Исследователь новгородских частных актов В.Ф. Андреев, связывая появление первых документов с возникновением собственности на землю, вполне резонно отмечал, что в ХII-ХIII вв. частный акт, "по-видимому, составлялся в исключительных случаях, представляя собой запись для памяти, служил как бы свидетелем передачи владельческих прав… Он не содержал имен свидетелей, не скреплялся печатью. Государство никак не вме-шивалось в сделки частных лиц. Поэтому во всех актах ХII-ХIII вв. в конце обязательно присутствует санкция-заклятье против возможных нарушителей. Составители актов призывали на помощь небесные силы, полагая, что только они могут предотвратить нарушение прав собственности, зафиксированные в письменном документе"37 .

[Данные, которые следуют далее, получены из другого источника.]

(* Let $G$, $k\ge 3$, the choice strings $c_{i,j}$ ($1\le i<j\le k$), the $\binom{k}{2}-(k-1)$ template strings, $L$ and $d$ be as in the Consensus Patterns construction in the context. If $G$ has a clique of size $k$, then the constructed Consensus Patterns instance has a solution: there is a string $s\in\{0,1\}^L$ and, for each choice string and each template string, a substring of it of length $L$, such that the sum over all these strings of the Hamming distances between $s$ and the chosen substrings is at most $d$.
   Context: Let $G=(V,E)$ be an undirected simple graph with $V=\{v_1,\dots,v_n\}$ and edge set $E=\{e_1,\dots,e_m\}$, and let $k\ge 3$ be an integer. All strings are over $\{0,1\}$. For $1\le p\le n$ let $\mathrm{number}(p)=0^{p-1}10^{n-p}$. Let $\mathrm{front\_tag}=(1^{nk^3}0)^{nk^3}0^{nk^3}$ (length $n^2k^6+2nk^3$). For $1\le i<j\le k$ and an edge $e$ joining $v_r,v_s$ with $r<s$ let $\mathrm{encode}(i,j,e)=(0^n)^{i-1}\,\mathrm{number}(r)\,(0^n)^{j-i-1}\,\mathrm{number}(s)\,(0^n)^{k-j}$ and $\mathrm{block}(i,j,e)=\mathrm{front\_tag}\,\mathrm{encode}(i,j,e)$. The choice string is $c_{i,j}=\mathrm{block}(i,j,e_1)\cdots\mathrm{block}(i,j,e_m)$. There are $\binom{k}{2}-(k-1)$ template strings, each equal to $\mathrm{front\_tag}\,1^{nk}$. Set $L=n^2k^6+2nk^3+nk$ and $d=(\binom{k}{2}-(k-1))nk$. The Consensus Patterns instance consists of all choice strings and all template strings with these $L$ and $d$. Consensus Patterns asks for a string $s$ of length $L$ and a length-$L$ substring of each input string such that the sum of Hamming distances from $s$ to these substrings is at most $d$. *)

theory Defs
  imports Main
begin
(* Consider a $K$-armed bandit ($K\ge2$) with reward vector $r\in[0,1]^K$ having distinct entries, and let $\pi^*$ be the one-hot policy on the optimal arm. For any temperature $\eta\in(0,\infty)$, the discrete DG update $\theta_{t+1}(a)=\theta_t(a)+\alpha\,w_t(a)U_t(a)$ with sufficiently small step size $\alpha>0$ yields policies $\pi_{\theta_t}$ converging to $\pi^*$.
   Context: Softmax policy $\pi_\theta(a)=e^{\theta(a)}/\sum_{a'}e^{\theta(a')}$; $\pi_t=\pi_{\theta_t}$. $U_t(a):=r(a)-\pi_t^\top r$, $\ell_t(a):=-\log\pi_t(a)$, and $w_t(a):=\sigma(U_t(a)\ell_t(a)/\eta)$ with $\sigma(x)=1/(1+e^{-x})$. Equivalently $\pi_{t+1}(a)=\pi_t(a)e^{\alpha w_t(a)U_t(a)}/\sum_{a'}\pi_t(a')e^{\alpha w_t(a')U_t(a')}$. *)

theory Defs
  imports Complex_Main
begin

text \<open>Arms are the elements of a finite type 'a (K = CARD('a)).\<close>

definition softmax :: "('a::finite \<Rightarrow> real) \<Rightarrow> 'a \<Rightarrow> real" where
  "softmax \<theta> a = exp (\<theta> a) / (\<Sum>b\<in>UNIV. exp (\<theta> b))"

definition sigmoid :: "real \<Rightarrow> real" where
  "sigmoid x = 1 / (1 + exp (- x))"

definition adv :: "('a::finite \<Rightarrow> real) \<Rightarrow> ('a \<Rightarrow> real) \<Rightarrow> 'a \<Rightarrow> real" where
  "adv r \<theta> a = r a - (\<Sum>b\<in>UNIV. softmax \<theta> b * r b)"

definition surprisal :: "('a::finite \<Rightarrow> real) \<Rightarrow> 'a \<Rightarrow> real" where
  "surprisal \<theta> a = - ln (softmax \<theta> a)"
(* Let $\Gamma=(G,w,\ell)$ be a tropical curve. Then the map $$\mathcal C_G\longrightarrow R^{\mathrm{trop}}_\Gamma,\qquad P\longmapsto [F_P]$$ is a bijection.
   Context: A tropical curve is a triple $\Gamma=(G,w,\ell)$ where $G=(V,E)$ is a finite connected graph (loops and multiple edges allowed), $w\colon V\to\mathbb Z_{\ge 0}$ is a weight function with $2w(v)-2+\deg_G(v)>0$ for all $v$ (degrees count loops twice), and $\ell\colon E\to\mathbb R_{>0}$. Its genus is $g=\sum_v w(v)+|E|-|V|+1$. $\Gamma$ is regarded as a metric space by identifying each edge $e$ with a segment (a circle if $e$ is a loop) of length $\ell(e)$, glued at vertices; $p_e$ denotes the mid-point of $e$. A divisor on $\Gamma$ is a finite formal $\mathbb Z$-combination of points of $\Gamma$. A rational function is a continuous piecewise linear $f\colon\Gamma\to\mathbb R$ with integer slopes and finitely many pieces; $\operatorname{div}(f)=\sum_p \operatorname{ord}_p(f)p$, where $\operatorname{ord}_p(f)$ is the sum of the outgoing slopes of $f$ at $p$. $\operatorname{Pic}(\Gamma)$ is the group of divisors modulo divisors of rational functions; $[D]$ denotes the class and $D\sim D'$ means $[D]=[D']$. $\mathcal C_G$ is the set of subsets $P\subseteq E$ such that every vertex has even degree in the subgraph spanned by $P$ (loops counting twice); it is an $\mathbb F_2$-vector space under symmetric difference (it is the kernel of the boundary map $\mathbb F_2^E\to\mathbb F_2^V$). For $P\in\mathcal C_G$ set $F_P:=\sum_{v\in V}\frac{\deg_P(v)}{2}v-\sum_{e\in P}p_e$. The set of square roots of zero is $R^{\mathrm{trop}}_\Gamma=\{[D]\in\operatorname{Pic}(\Gamma): [2D]=0\}$. *)

theory Defs
  imports Complex_Main
begin

text \<open>A tropical curve is given by a finite vertex set V, a finite edge set E,
  endpoint maps src, tgt (a loop has src e = tgt e), a weight w and a length l.\<close>

definition deg :: "'e set \<Rightarrow> ('e \<Rightarrow> 'v) \<Rightarrow> ('e \<Rightarrow> 'v) \<Rightarrow> 'v \<Rightarrow> nat" where
  "deg P src tgt v = card {e\<in>P. src e = v} + card {e\<in>P. tgt e = v}"

definition adj_rel :: "'e set \<Rightarrow> ('e \<Rightarrow> 'v) \<Rightarrow> ('e \<Rightarrow> 'v) \<Rightarrow> ('v \<times> 'v) set" where
  "adj_rel E src tgt = {(u, v). \<exists>e\<in>E. (src e = u \<and> tgt e = v) \<or> (src e = v \<and> tgt e = u)}"

definition tropical_curve ::
  "'v set \<Rightarrow> 'e set \<Rightarrow> ('e \<Rightarrow> 'v) \<Rightarrow> ('e \<Rightarrow> 'v) \<Rightarrow> ('v \<Rightarrow> nat) \<Rightarrow> ('e \<Rightarrow> real) \<Rightarrow> bool" where
  "tropical_curve V E src tgt w l \<longleftrightarrow>
     finite V \<and> finite E \<and> V \<noteq> {} \<and>
     (\<forall>e\<in>E. src e \<in> V \<and> tgt e \<in> V) \<and>
     (\<forall>u\<in>V. \<forall>v\<in>V. (u, v) \<in> (adj_rel E src tgt)\<^sup>*) \<and>
     (\<forall>v\<in>V. 2 * int (w v) - 2 + int (deg E src tgt v) > 0) \<and>
     (\<forall>e\<in>E. l e > 0)"

text \<open>Points of the metric space: vertices, and interior points of edges
  (parameter t with 0 < t < l e, measured from src e).\<close>
datatype ('v, 'e) pt = Vert 'v | EPt 'e real

definition points :: "'v set \<Rightarrow> 'e set \<Rightarrow> ('e \<Rightarrow> real) \<Rightarrow> ('v, 'e) pt set" where
  "points V E l = Vert ` V \<union> {EPt e t | e t. e \<in> E \<and> 0 < t \<and> t < l e}"

definition edge_fun :: "('e \<Rightarrow> 'v) \<Rightarrow> ('e \<Rightarrow> 'v) \<Rightarrow> ('e \<Rightarrow> real) \<Rightarrow> (('v, 'e) pt \<Rightarrow> real)
    \<Rightarrow> 'e \<Rightarrow> real \<Rightarrow> real" where
  "edge_fun src tgt l f e t =
     (if t \<le> 0 then f (Vert (src e)) else if t \<ge> l e then f (Vert (tgt e)) else f (EPt e t))"

definition int_pl :: "real \<Rightarrow> (real \<Rightarrow> real) \<Rightarrow> bool" where
  "int_pl L \<phi> \<longleftrightarrow> (\<exists>ts :: real list. length ts \<ge> 2 \<and> sorted_wrt (<) ts \<and>
      hd ts = 0 \<and> last ts = L \<and>
      (\<forall>i < length ts - 1. \<exists>s :: int. \<exists>c :: real.
          \<forall>t \<in> {ts ! i .. ts ! (i+1)}. \<phi> t = of_int s * t + c))"

definition rational_fun :: "'v set \<Rightarrow> 'e set \<Rightarrow> ('e \<Rightarrow> 'v) \<Rightarrow> ('e \<Rightarrow> 'v) \<Rightarrow> ('e \<Rightarrow> real)
    \<Rightarrow> (('v, 'e) pt \<Rightarrow> real) \<Rightarrow> bool" where
  "rational_fun V E src tgt l f \<longleftrightarrow> (\<forall>e\<in>E. int_pl (l e) (edge_fun src tgt l f e))"

definition rslope :: "(real \<Rightarrow> real) \<Rightarrow> real \<Rightarrow> real" where
  "rslope \<phi> t = Lim (at_right 0) (\<lambda>h. (\<phi> (t + h) - \<phi> t) / h)"

definition lslope :: "(real \<Rightarrow> real) \<Rightarrow> real \<Rightarrow> real" where
  "lslope \<phi> t = Lim (at_right 0) (\<lambda>h. (\<phi> t - \<phi> (t - h)) / h)"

Наблюдения В.Ф. Андреева, безусловно, применимы и при характеристике уставной грамоты 1289 г. Победу Мстислава Даниловича над берестьянами отнюдь не следует считать окончательной: судьба переменчива, татары не обязаны вечно поддерживать волынского князя. Княжеская власть пока еще не в состоянии справиться со всеми возникающими в земле конфликтами. Мстиславу Даниловичу остается надеяться на убедительность его обвинений против "коромольников" и заступничество небесных сил. Итоги наблюдения социальных реалий соседней с Галичиной Волыни имеют принципиальное значение, поскольку на рубеже ХIII-ХIV вв. происходит объединение обеих земель, и Владимир становится столицей Галицко-Волынского княжества.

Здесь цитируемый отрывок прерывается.